Dancing with Monarchs

Monarch clusters.jpg

I don’t see them at first. I wait as the sun starts to warm the air.

Sleepy, wing-folded monarchs begin to stir in the eucalyptus branches. Huddled and bundled like clumps of fall leaves among the menthol scented trees. I squint.

The sun’s rays filter through the foggy grove. Pumpkin orange wings veined with inky black designs flutter and flap. As if on cue, one… two… three regal insects peel off from clusters resting on the waxy blue leaves. The magic begins. The dance starts.

Three grows into ten until I lose count. The air between the grayish eucalyptus bark fills with monarchs swirling and twirling through the sky. Like ballerinas in flight, their beauty is mesmerizing. The grove quiet with humans observing the marvel. The moment awe-inspiring. These butterflies have journeyed hundreds of miles to reach their winter home.

In late October the fourth-generation arrives in full force. Multiple generations have lived and died during the last migration. All part of their life cycle. These monarchs, the gladiators of the species, have larger wings that sport a darker deep orange. They don’t die in two to six weeks like their predecessors. They travel from the Western Rocky Mountains to winter in California. Part of the population settles in the eucalyptus groves at Nature Bridges State Park along the Santa Cruz California Coast.

Symbols of entomological strength, this cohort lives for six to eight months and flies back north around late February-early March as the weather warms. Once they departure they will feed on milkweed. They will mate on their northern journey and populate a new generation.

I watch as they fly around me. Some so close I put out an open-palmed hand in hopes one might land on my fingertips. The air still. The aroma of eucalyptus a heady experience. I look at my son. He looks back with a grin. He too is lost in this marvel.

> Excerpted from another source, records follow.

lemma exists_irreducible_rep_separating_normal:
  assumes fin: "finite (carrier G)" and N: "N \<lhd> G" and g: "g \<in> carrier G" "g \<notin> N"
  shows "\<exists>d \<sigma>. irreducible_rep G d \<sigma> \<and> (\<forall>h\<in>N. \<sigma> h = 1\<^sub>m d) \<and> mat_trace (\<sigma> g) \<noteq> of_nat d"
proof -
  have sg: "subgroup N G" using N by (rule normal_imp_subgroup)
  have "finite (rcosets N)" using fin unfolding RCOSETS_def by simp
  then obtain cs where cs: "set cs = rcosets N" "distinct cs" using finite_distinct_list by blast
  have "N #> \<one> \<in> rcosets N" using rcosetsI[OF subgroup.subset[OF sg]] by simp
  then have "length cs \<noteq> 0" using cs(1) by auto
  then have "mat_trace (coset_perm_rep G cs g) \<noteq> of_nat (length cs)"
    using mat_trace_coset_perm_rep_normal[OF N cs(1) g] by simp
  moreover have "\<forall>h\<in>N. coset_perm_rep G cs h = 1\<^sub>m (length cs)"
    using coset_perm_rep_normal[OF N cs] by blast
  ultimately show ?thesis
    by (intro exists_irreducible_rep_trace_ne_degree[OF is_rep_coset_perm_rep[OF sg cs] _ g(1)])
qed

end

section \<open>Elements that are central modulo a normal subgroup\<close>

context group
begin
lemma inj_on_face_if_proper_faces_inj:
  fixes f :: "'a set \<Rightarrow> 'a set"
  assumes "finite B" "A \<subseteq> B"
    and proper: "\<And>A' B'. A \<subseteq> A' \<Longrightarrow> A' \<subseteq> B' \<Longrightarrow> B' \<subseteq> B \<Longrightarrow> B' - A' \<subset> B - A \<Longrightarrow>
                   inj_on (\<lambda>X. f X \<inter> (B' - A')) (interval A' B')"
    and bottom_top: "A \<noteq> B \<Longrightarrow> f A \<inter> (B - A) \<noteq> f B \<inter> (B - A)"
  shows "inj_on (\<lambda>X. f X \<inter> (B - A)) (interval A B)"
proof -
  define N where "N T = card {X \<in> interval A B. f X \<inter> (B - A) = T}" for T
  have lower: "inj_on (\<lambda>X. f X \<inter> (B - {s} - A)) (interval A (B - {s}))" if "s \<in> B - A" for s
    by (rule proper) (use that assms(2) in auto)
  have upper: "inj_on (\<lambda>X. f X \<inter> (B - insert s A)) (interval (insert s A) B)" if "s \<in> B - A" for s
    by (rule proper) (use that assms(2) in auto)
  have flip: "N T + N (insert s T) = 2" if "s \<in> B - A" "T \<subseteq> B - A - {s}" for s T
    unfolding N_def
    by (rule card_fibers_insert_eq_2[OF assms(1,2) that lower[OF that(1)] upper[OF that(1)]])
  have "{X \<in> interval A B. f X \<inter> (B - A) = f A \<inter> (B - A)} = {A}"
    by (rule fiber_of_bottom_eq_singleton[OF assms(2) _ bottom_top]) (rule lower)
  then have bottom_1: "N (f A \<inter> (B - A)) = 1" by (simp add: N_def)
  have fibers_1: "N (f X \<inter> (B - A)) = 1" for X
    by (rule eq_1_if_flip_sums_eq_2[OF _ flip _ bottom_1]) (use assms(1) in auto)
  show ?thesis
  proof (rule inj_onI)
    fix X Y assume "X \<in> interval A B" "Y \<in> interval A B" "f X \<inter> (B - A) = f Y \<inter> (B - A)"
    then have "X \<in> {Z \<in> interval A B. f Z \<inter> (B - A) = f X \<inter> (B - A)}"
      "Y \<in> {Z \<in> interval A B. f Z \<inter> (B - A) = f X \<inter> (B - A)}" by auto
    moreover obtain Z where "{Z \<in> interval A B. f Z \<inter> (B - A) = f X \<inter> (B - A)} = {Z}"
      using fibers_1[of X] unfolding N_def by (rule card_1_singletonE)
    ultimately show "X = Y" by (metis singletonD)
  qed
qed

lemma acyclic_obtain_sink_in:
  assumes "acyclic r" "finite S" "S \<noteq> {}"
  obtains t where "t \<in> S" "\<And>k. k \<in> S \<Longrightarrow> (t, k) \<notin> r"
proof -
  let ?r = "r \<inter> S \<times> S"
  have "finite ?r" using assms(2) by blast
  moreover have "acyclic ?r" using assms(1) acyclic_subset by blast
  ultimately have "wf (?r\<inverse>)" by (rule finite_acyclic_wf_converse)
  then obtain t where "t \<in> S" "\<And>k. (k, t) \<in> ?r\<inverse> \<Longrightarrow> k \<notin> S"
    using assms(3) unfolding wf_eq_minimal by blast
  then show thesis using that by blast
qed

context
  fixes Ori :: "('a set \<times> 'a set) set" and U W :: "'a set"
  assumes orientation: "cube_orientation Ori U W"
begin

abbreviation \<phi> :: "'a set \<Rightarrow> 'a set" where
  "\<phi> \<equiv> outmap Ori U W"

lemma finite_carrier: "finite W"
  using orientation by (simp add: cube_orientation_def)

lemma edge_obtain_direction:
  assumes "(V, V') \<in> Ori"
  obtains i where "i \<in> W - U" "V' = V \<ominus> {i}"
  using assms orientation unfolding cube_orientation_def by blast

lemma outmap_symdiff_edge:
  assumes "V \<in> interval U W" "i \<in> W - U"
  shows "i \<in> \<phi> V \<ominus> \<phi> (V \<ominus> {i})"
proof -
  have "((V, V \<ominus> {i}) \<in> Ori) \<noteq> ((V \<ominus> {i}, V) \<in> Ori)"
    using orientation assms by (simp add: cube_orientation_def)
  then show ?thesis using assms by (auto simp: outmap_def)
qed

How can these creatures, with paper-thin wings, journey so far? Some reaching heights of 20,000 feet in flight. How do they find this exact grove, a mere speck on our planet. These butterflies are four-generations removed from the ones that migrated back to the Pacific Northwest last spring.

Remarkably, these insects behave like migratory birds. Monarchs are the only known insect to make a two-way migration, traveling North to South and vice versa as the seasons change.

I am watching a phenomenon of nature, a mere 30 miles from my home. My son and I walk the Monarch Trail. No one else is present. We hike alone in our joy. The butterflies pirouette in the sky, their black body and black-bordered wings sprinkled with perfectly spaced white dots. My son and I stop to soak it all in. I spread out my arms, lift my head to the sun, and pirouette in rhythm with my newfound friends.

In a world where life has become unpredictable and coated with a pandemic. Where falsehoods have usurped truths. One constant can be found in the small eucalyptus grove by the Pacific Ocean. The monarchs have returned and when the sun warms their wings they will fill an afternoon sky with dance.

I want this dance to last for seasons to come, but the magic appears to be on life support in the Western United States, due to loss of habitat from development and climate change. Since 1990 about 970 million monarchs have disappeared, according to a 2015 U.S. Fish and Wildlife Service report as reported by Washington Post writer Dino Grandoni.

Even if I plant milkweed and other butterfly-friendly flowers in my garden, the lack of rain and the prolonged dry heat in California is fueling fires and killing off butterfly food. Still, I will create a haven for the brave orange and black beauties that make their arduous journey down the coast from the Pacific Northwest.

I will welcome them. Provide them sustenance, and if I am lucky, maybe a flurry of monarchs will find their way to my home and perhaps grace me with a mid-flight dance in the garden.